I refuse to shop anywhere that has a membership fee.


----------



## Road Guy (Mar 21, 2017)




----------



## snickerd3 (Mar 21, 2017)

ptatohed said:


> I refuse to shop anywhere that has a membership fee.


I have a sam's club membership only because even with the annual fee my OTC allergy meds are still WAY cheaper than buying from a regular store.


----------



## MA_PE (Mar 21, 2017)

I'm a BJs fan.


----------



## kevo_55 (Mar 21, 2017)

Aren't most guys?


----------



## MA_PE (Mar 21, 2017)

you would think so.  Plus we get a corporate discount on our membership because there's a BJs store directly across the street from our office and BJs struck up an agreement with us.


----------



## ptatohed (Mar 21, 2017)

snickerd3 said:


> I have a sam's club membership only because even with the annual fee my OTC allergy meds are still WAY cheaper than buying from a regular store.

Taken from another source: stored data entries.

(* Let $0<\delta<1$, $t>1$, $\lambda_c:=1/(t^{1-\delta}-1)$, $\lambda_c\le\lambda\le t^{1-\delta}-1$, write $\lambda=\lambda_c(1+\Lambda)$ and $\omega:=\sqrt{\frac{\lambda_c t}{2}}\frac{\ln(1+\Lambda)}{1+\lambda_c}$. Let $a=a(t)$ satisfy $t^{-\delta/2}\ll a\ll t^{-\delta/3}$, set $k:=t^{\delta-1}(1-a)$, and let $$J_{B1}(t;\lambda):=\int_{1-t^{\delta-1}}^{1-k}(1-z)^{-1/2}{\rm e}^{{\rm i} tF(z;\lambda)}\,{\rm d} z.$$ Then, as $t\to\infty$, $$J_{B1}(t;\lambda)=\exp\!\big({\rm i} tF(1-t^{\delta-1};\lambda)-{\rm i}\omega^2\big)\,t^{-1/2}\sqrt{\frac{2}{1+\lambda_c}}\left(\int_\omega^{\omega+a\sqrt{\lambda_c t/2}}{\rm e}^{{\rm i}\xi^2}\,{\rm d}\xi\right)+{\cal O}\!\left(t^{-\frac12+\frac{3\delta}{2}}a^4\right).$$
   Context: $F(z;\lambda):=(1-z)\ln(1-z)+z\ln z+z\ln\lambda$ with branch cuts $(-\infty,0]$ and $[1,\infty)$; the integral defining $J_{B1}$ is along the real segment. $f\ll g$ means $f/g\to0$ as $t\to\infty$. *)

theory Defs
  imports "HOL-Analysis.Analysis"
begin

definition F :: "complex \<Rightarrow> real \<Rightarrow> complex" where
  "F z lam = (1 - z) * Ln (1 - z) + z * Ln z + z * Ln (complex_of_real lam)"

definition lam_c :: "real \<Rightarrow> real \<Rightarrow> real" where
  "lam_c \<delta> t = 1 / (t powr (1 - \<delta>) - 1)"

definition Lam :: "real \<Rightarrow> real \<Rightarrow> real \<Rightarrow> real" where
  "Lam \<delta> t lam = lam / lam_c \<delta> t - 1"

definition omega :: "real \<Rightarrow> real \<Rightarrow> real \<Rightarrow> real" where
  "omega \<delta> t lam = sqrt (lam_c \<delta> t * t / 2) * ln (1 + Lam \<delta> t lam) / (1 + lam_c \<delta> t)"

definition kk :: "real \<Rightarrow> real \<Rightarrow> real \<Rightarrow> real" where
  "kk \<delta> t a = t powr (\<delta> - 1) * (1 - a)"

definition J_B1 :: "real \<Rightarrow> real \<Rightarrow> real \<Rightarrow> real \<Rightarrow> complex" where
  "J_B1 \<delta> a t lam = integral {1 - t powr (\<delta> - 1) .. 1 - kk \<delta> t a}
     (\<lambda>z. complex_of_real ((1 - z) powr (-1/2)) *
          exp (\<i> * complex_of_real t * F (complex_of_real z) lam))"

I certainly understand the argument for the clubs but I still can not bring myself to give a company money for the 'privilege' of giving them my business (I feel the same way about paying for parking).  But it is getting harder to stand my principle as we now have three kids and Mrs. ptatohed is pushing for a membership.  S


----------



## matt267 PE (Mar 21, 2017)

Get off your soap box and just get a membership. While you're there, you can buy all the soap in bulk you'll need for the next 10 years.


----------



## MA_PE (Mar 21, 2017)

ptatohed said:


> I certainly understand the argument for the clubs but I still can not bring myself to give a company money for the 'privilege' of giving them my business (I feel the same way about paying for parking).  But it is getting harder to stand my principle as we now have three kids and Mrs. ptatohed is pushing for a membership.  S


three kid...definitelt time to buy in bulk.  The savings are great but I pretty much just buy water, Gatorade and paper goods, the food packages are just way too big for two people.  Even with my minimal purchases I definitely save the annual "fee"

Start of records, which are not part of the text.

(* Let $R$ be a $\Bbbk$-algebra, $\sigma\in\operatorname{Aut}_\Bbbk(R)$, $H,J$ two-sided ideals of $R$, and $B=R(t,\sigma,H,J)$. Then: (1) $B$ is a $\mathbb Z$-graded subalgebra of $R[t,t^{-1};\sigma]$, with $B_n=I^{(n)}t^n$ in degree $n$; (2) $B$ is generated as a $\Bbbk$-algebra by $R$, $Jt=\{jt: j\in J\}$ and $\sigma^{-1}(H)t^{-1}=\{\sigma^{-1}(h)t^{-1}:h\in H\}$; (3) $B$ is a domain if and only if $R$ is a domain; (4) suppose $R$ is a domain, $\sigma$ has infinite order, and for no integer $k\neq 0$ does there exist a nonzero $a\in R$ with $ra=a\sigma^k(r)$ for all $r\in R$. Then the center of $B$ equals $Z(R)^{\langle\sigma\rangle}=\{z\in Z(R):\sigma(z)=z\}$, where $Z(R)$ is the center of $R$.
   Context: $\Bbbk$ is a field; all algebras are associative unital $\Bbbk$-algebras. For an algebra $R$ and $\sigma\in\operatorname{Aut}_\Bbbk(R)$, $R[t,t^{-1};\sigma]$ is the skew Laurent ring: generated over $R$ by $t,t^{-1}$ with $tt^{-1}=t^{-1}t=1$ and $t^{\pm1}r=\sigma^{\pm1}(r)t^{\pm1}$ for $r\in R$. Given two-sided ideals $H,J$ of $R$, set $I^{(0)}=R$, $I^{(n)}=J\sigma(J)\cdots\sigma^{n-1}(J)$ for $n\ge1$, and $I^{(n)}=\sigma^{-1}(H)\sigma^{-2}(H)\cdots\sigma^{n}(H)$ for $n\le-1$; it is assumed throughout that $I^{(n)}\neq0$ for all $n\in\mathbb Z$. The Bell–Rogalski (BR) algebra is $R(t,\sigma,H,J)=\bigoplus_{n\in\mathbb Z}I^{(n)}t^n\subseteq R[t,t^{-1};\sigma]$. *)

theory Defs
  imports Main
begin

text \<open>A (unital associative) k-algebra is modelled as a ring type 'r together with a
  ring homomorphism alg from the field 'k into the centre of 'r.\<close>

definition k_algebra :: "('k::field \<Rightarrow> 'r::ring_1) \<Rightarrow> bool" where
  "k_algebra alg \<longleftrightarrow>
     alg 1 = 1 \<and> (\<forall>a b. alg (a + b) = alg a + alg b) \<and> (\<forall>a b. alg (a * b) = alg a * alg b)
     \<and> (\<forall>c r. alg c * r = r * alg c)"

definition k_automorphism :: "('k::field \<Rightarrow> 'r::ring_1) \<Rightarrow> ('r \<Rightarrow> 'r) \<Rightarrow> bool" where
  "k_automorphism alg \<sigma> \<longleftrightarrow>
     bij \<sigma> \<and> (\<forall>a b. \<sigma> (a + b) = \<sigma> a + \<sigma> b) \<and> (\<forall>a b. \<sigma> (a * b) = \<sigma> a * \<sigma> b)
     \<and> \<sigma> 1 = 1 \<and> (\<forall>c. \<sigma> (alg c) = alg c)"

definition zpow :: "('r \<Rightarrow> 'r) \<Rightarrow> int \<Rightarrow> 'r \<Rightarrow> 'r" where
  "zpow \<sigma> i = (if 0 \<le> i then \<sigma> ^^ nat i else inv \<sigma> ^^ nat (- i))"

definition two_sided_ideal :: "'r::ring_1 set \<Rightarrow> bool" where
  "two_sided_ideal A \<longleftrightarrow> 0 \<in> A \<and> (\<forall>x\<in>A. \<forall>y\<in>A. x + y \<in> A \<and> - x \<in> A)
     \<and> (\<forall>r. \<forall>x\<in>A. r * x \<in> A \<and> x * r \<in> A)"

definition ring_domain :: "'r::ring_1 itself \<Rightarrow> bool" where
  "ring_domain _ \<longleftrightarrow> (1::'r) \<noteq> 0 \<and> (\<forall>a b::'r. a * b = 0 \<longrightarrow> a = 0 \<or> b = 0)"

definition ring_center :: "'r::ring_1 set" where
  "ring_center = {z. \<forall>r. z * r = r * z}"

inductive_set add_span :: "'r::ring_1 set \<Rightarrow> 'r set" for S where
  zero: "0 \<in> add_span S"
| gen: "x \<in> S \<Longrightarrow> x \<in> add_span S"
| add: "x \<in> add_span S \<Longrightarrow> y \<in> add_span S \<Longrightarrow> x + y \<in> add_span S"

definition ideal_prod :: "'r::ring_1 set \<Rightarrow> 'r set \<Rightarrow> 'r set" where
  "ideal_prod A B = add_span {a * b | a b. a \<in> A \<and> b \<in> B}"

fun prodseq :: "(nat \<Rightarrow> 'r::ring_1 set) \<Rightarrow> nat \<Rightarrow> 'r set" where
  "prodseq F 0 = UNIV"
| "prodseq F (Suc 0) = F 0"
| "prodseq F (Suc (Suc k)) = ideal_prod (prodseq F (Suc k)) (F (Suc k))"

text \<open>I^(n): for n \<ge> 1, J sigma(J) ... sigma^(n-1)(J);
  for n \<le> -1, sigma^(-1)(H) sigma^(-2)(H) ... sigma^(n)(H); I^(0) = R.\<close>
definition Iseq :: "('r::ring_1 \<Rightarrow> 'r) \<Rightarrow> 'r set \<Rightarrow> 'r set \<Rightarrow> int \<Rightarrow> 'r set" where
  "Iseq \<sigma> H J n =
     (if 0 \<le> n then prodseq (\<lambda>i. zpow \<sigma> (int i) ` J) (nat n)
      else prodseq (\<lambda>i. zpow \<sigma> (- int i - 1) ` H) (nat (- n)))"

text \<open>Elements are finitely supported functions f :: int => R, f standing for
  the sum of (f n) t^n.  Multiplication: (a t^i)(b t^j) = a sigma^i(b) t^(i+j).\<close>

definition laurent :: "(int \<Rightarrow> 'r::ring_1) set" where
  "laurent = {f. finite {n. f n \<noteq> 0}}"

definition lzero :: "int \<Rightarrow> 'r::ring_1" where
  "lzero = (\<lambda>_. 0)"

definition lmono :: "'r::ring_1 \<Rightarrow> int \<Rightarrow> int \<Rightarrow> 'r" where
  "lmono a n = (\<lambda>m. if m = n then a else 0)"

definition lone :: "int \<Rightarrow> 'r::ring_1" where
  "lone = lmono 1 0"

definition ladd :: "(int \<Rightarrow> 'r::ring_1) \<Rightarrow> (int \<Rightarrow> 'r) \<Rightarrow> int \<Rightarrow> 'r" where
  "ladd f g = (\<lambda>n. f n + g n)"

definition lmult :: "('r::ring_1 \<Rightarrow> 'r) \<Rightarrow> (int \<Rightarrow> 'r) \<Rightarrow> (int \<Rightarrow> 'r) \<Rightarrow> int \<Rightarrow> 'r" where
  "lmult \<sigma> f g = (\<lambda>n. \<Sum>i\<in>{i. f i \<noteq> 0}. f i * zpow \<sigma> i (g (n - i)))"

definition lscale :: "('k::field \<Rightarrow> 'r::ring_1) \<Rightarrow> 'k \<Rightarrow> (int \<Rightarrow> 'r) \<Rightarrow> int \<Rightarrow> 'r" where
  "lscale alg c f = (\<lambda>n. alg c * f n)"

definition is_subalg :: "('k::field \<Rightarrow> 'r::ring_1) \<Rightarrow> ('r \<Rightarrow> 'r) \<Rightarrow> (int \<Rightarrow> 'r) set \<Rightarrow> bool" where
  "is_subalg alg \<sigma> B \<longleftrightarrow> B \<subseteq> laurent \<and> lone \<in> B
     \<and> (\<forall>f\<in>B. \<forall>g\<in>B. ladd f g \<in> B \<and> lmult \<sigma> f g \<in> B)
     \<and> (\<forall>c. \<forall>f\<in>B. lscale alg c f \<in> B)"

definition gen_subalg :: "('k::field \<Rightarrow> 'r::ring_1) \<Rightarrow> ('r \<Rightarrow> 'r) \<Rightarrow> (int \<Rightarrow> 'r) set \<Rightarrow> (int \<Rightarrow> 'r) set" where
  "gen_subalg alg \<sigma> S = \<Inter> {B. is_subalg alg \<sigma> B \<and> S \<subseteq> B}"

definition BR_comp :: "('r::ring_1 \<Rightarrow> 'r) \<Rightarrow> 'r set \<Rightarrow> 'r set \<Rightarrow> int \<Rightarrow> (int \<Rightarrow> 'r) set" where
  "BR_comp \<sigma> H J n = {lmono a n | a. a \<in> Iseq \<sigma> H J n}"

definition BR :: "('r::ring_1 \<Rightarrow> 'r) \<Rightarrow> 'r set \<Rightarrow> 'r set \<Rightarrow> (int \<Rightarrow> 'r) set" where
  "BR \<sigma> H J = {f \<in> laurent. \<forall>n. f n \<in> Iseq \<sigma> H J n}"

definition lcenter :: "('r::ring_1 \<Rightarrow> 'r) \<Rightarrow> (int \<Rightarrow> 'r) set \<Rightarrow> (int \<Rightarrow> 'r) set" where
  "lcenter \<sigma> B = {f \<in> B. \<forall>g\<in>B. lmult \<sigma> f g = lmult \<sigma> g f}"

definition lring_domain :: "('r::ring_1 \<Rightarrow> 'r) \<Rightarrow> (int \<Rightarrow> 'r) set \<Rightarrow> bool" where
  "lring_domain \<sigma> B \<longleftrightarrow> (lone::int \<Rightarrow> 'r) \<noteq> lzero
     \<and> (\<forall>f\<in>B. \<forall>g\<in>B. lmult \<sigma> f g = lzero \<longrightarrow> f = lzero \<or> g = lzero)"

end

theory Submission
  imports Defs
begin

text \<open>Everything rests on the grading rule I^(m) \<sigma>^m(I^(n)) \<subseteq> I^(m+n): applying \<sigma>^m shifts
  the factors of a product of twisted copies of J (or of H), so products of equal sign
  concatenate, while for opposite signs the common factors cancel and the shorter product is
  absorbed by the ideal property. Hence B is a graded subalgebra, and since I^(n) t^n is
  spanned by the products of n elements j t (or \<sigma>^-1(h) t^-1), the given set generates B.
  Over a domain the product of the top coefficients of two nonzero elements survives.
  A central element f satisfies r f_n = f_n \<sigma>^n(r) for all r, so only f_0 can be nonzero,
  and commuting with some j t, 0 \<noteq> j \<in> J, makes f_0 \<sigma>-invariant.\<close>

definition ring_endo :: "('r::ring_1 \<Rightarrow> 'r) \<Rightarrow> bool" where
  "ring_endo f \<longleftrightarrow> (\<forall>a b. f (a + b) = f a + f b) \<and> (\<forall>a b. f (a * b) = f a * f b)"

lemma ring_endo_add: "ring_endo f \<Longrightarrow> f (a + b) = f a + f b"
  by (simp add: ring_endo_def)

lemma ring_endo_mult: "ring_endo f \<Longrightarrow> f (a * b) = f a * f b"
  by (simp add: ring_endo_def)

lemma ring_endo_zero: "ring_endo f \<Longrightarrow> f 0 = 0"
  using ring_endo_add[of f 0 0] by simp

lemma ring_endo_minus: "ring_endo f \<Longrightarrow> f (- a) = - f a"
  using ring_endo_add[of f a "- a"] ring_endo_zero[of f] by (simp add: add_eq_0_iff2)

lemma ring_endo_funpow: "ring_endo f \<Longrightarrow> ring_endo (f ^^ n)"
  by (induction n) (simp_all add: ring_endo_def)

lemma ring_endo_inv:
  assumes "bij f" "ring_endo f"
  shows "ring_endo (inv f)"
proof -
  have "f (inv f a + inv f b) = a + b" "f (inv f a * inv f b) = a * b" for a b
    using assms by (simp_all add: ring_endo_add ring_endo_mult bij_is_surj surj_f_inv_f)
  then show ?thesis
    using assms(1) unfolding ring_endo_def by (metis bij_inv_eq_iff)
qed

lemma two_sided_ideal_zero: "two_sided_ideal A \<Longrightarrow> 0 \<in> A"
  by (simp add: two_sided_ideal_def)

lemma two_sided_ideal_add: "two_sided_ideal A \<Longrightarrow> x \<in> A \<Longrightarrow> y \<in> A \<Longrightarrow> x + y \<in> A"
  by (simp add: two_sided_ideal_def)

If you don't pay for parking then you must never go to any major city.


----------



## knight1fox3 (Mar 21, 2017)

I only shop online.


----------



## mudpuppy (Mar 21, 2017)

A few of you saw my post on Facebook this week.... Sam's Club had bacon on sale so we bought 8 lbs. Eight lbs of Wright thick-cut bacon for $29.  That's less per lb than what the crappy stuff costs at the grocery store on sale.

Granted, the two of us could never eat 8 lbs of bacon before it went bad, but we have one of those vacuum sealers (insert csb vacuum joke here) so we divided it into weekly portions and froze it.  It'll probably last us 6 months.

And yeah, in the past I never would have spent the money for a membership, but the wife's parents have a business membership and my wife is one of the "employees."


----------



## ptatohed (Mar 21, 2017)

MA_PE said:


> three kid...definitelt time to buy in bulk.  The savings are great but I pretty much just buy water, Gatorade and paper goods, the food packages are just way too big for two people.  Even with my minimal purchases I definitely save the annual "fee"
> 
> If you don't pay for parking then you must never go to any major city.


I worded that poorly.  While (to date) I have managed to not pay shopping membership fees; as much as I dislike doing so, I have and do pay for parking.  But I wasn't thinking big cities as much as I was thinking amusement parks, zoo, etc. 

I remember when I was 18 and I got my first Wells Fargo student Visa.  They waived the ($18 I think?) annual fee the first year.  Second year came and they tried to charge me the annual fee.  I called up and got it waived.  Third year came, I was charged, but this time they would not waive it.  I cancelled my card on the spot, shopped around for a no annual fee card, and have had no annual fee cards ever since.  Similar thing with checking.  When I aged out of my student checking at Wells, they imposed a monthly fee that they would not waive.  I withdrew my life's savings (*cough* $400 *cough*) and walked over to Washington Mutual where they had free checking (with $300 minimum balance - I just made it!).  Oh, and I think I have paid an ATM charge 3 times in my life and I can remember each and every time - it stung.


----------



## Road Guy (Mar 21, 2017)

We are frugal people at the RG house (mostly) &amp; I don't even know what we pay for the Costco membership but I would pay it even if it doubled, last weekend I bought a pair of terrific pants, a stand up paddle board, and 4 lobster tails, and then I ordered a strawberry sundae from the deli and picked it up on the way out the door..it was a F'n  awesome day!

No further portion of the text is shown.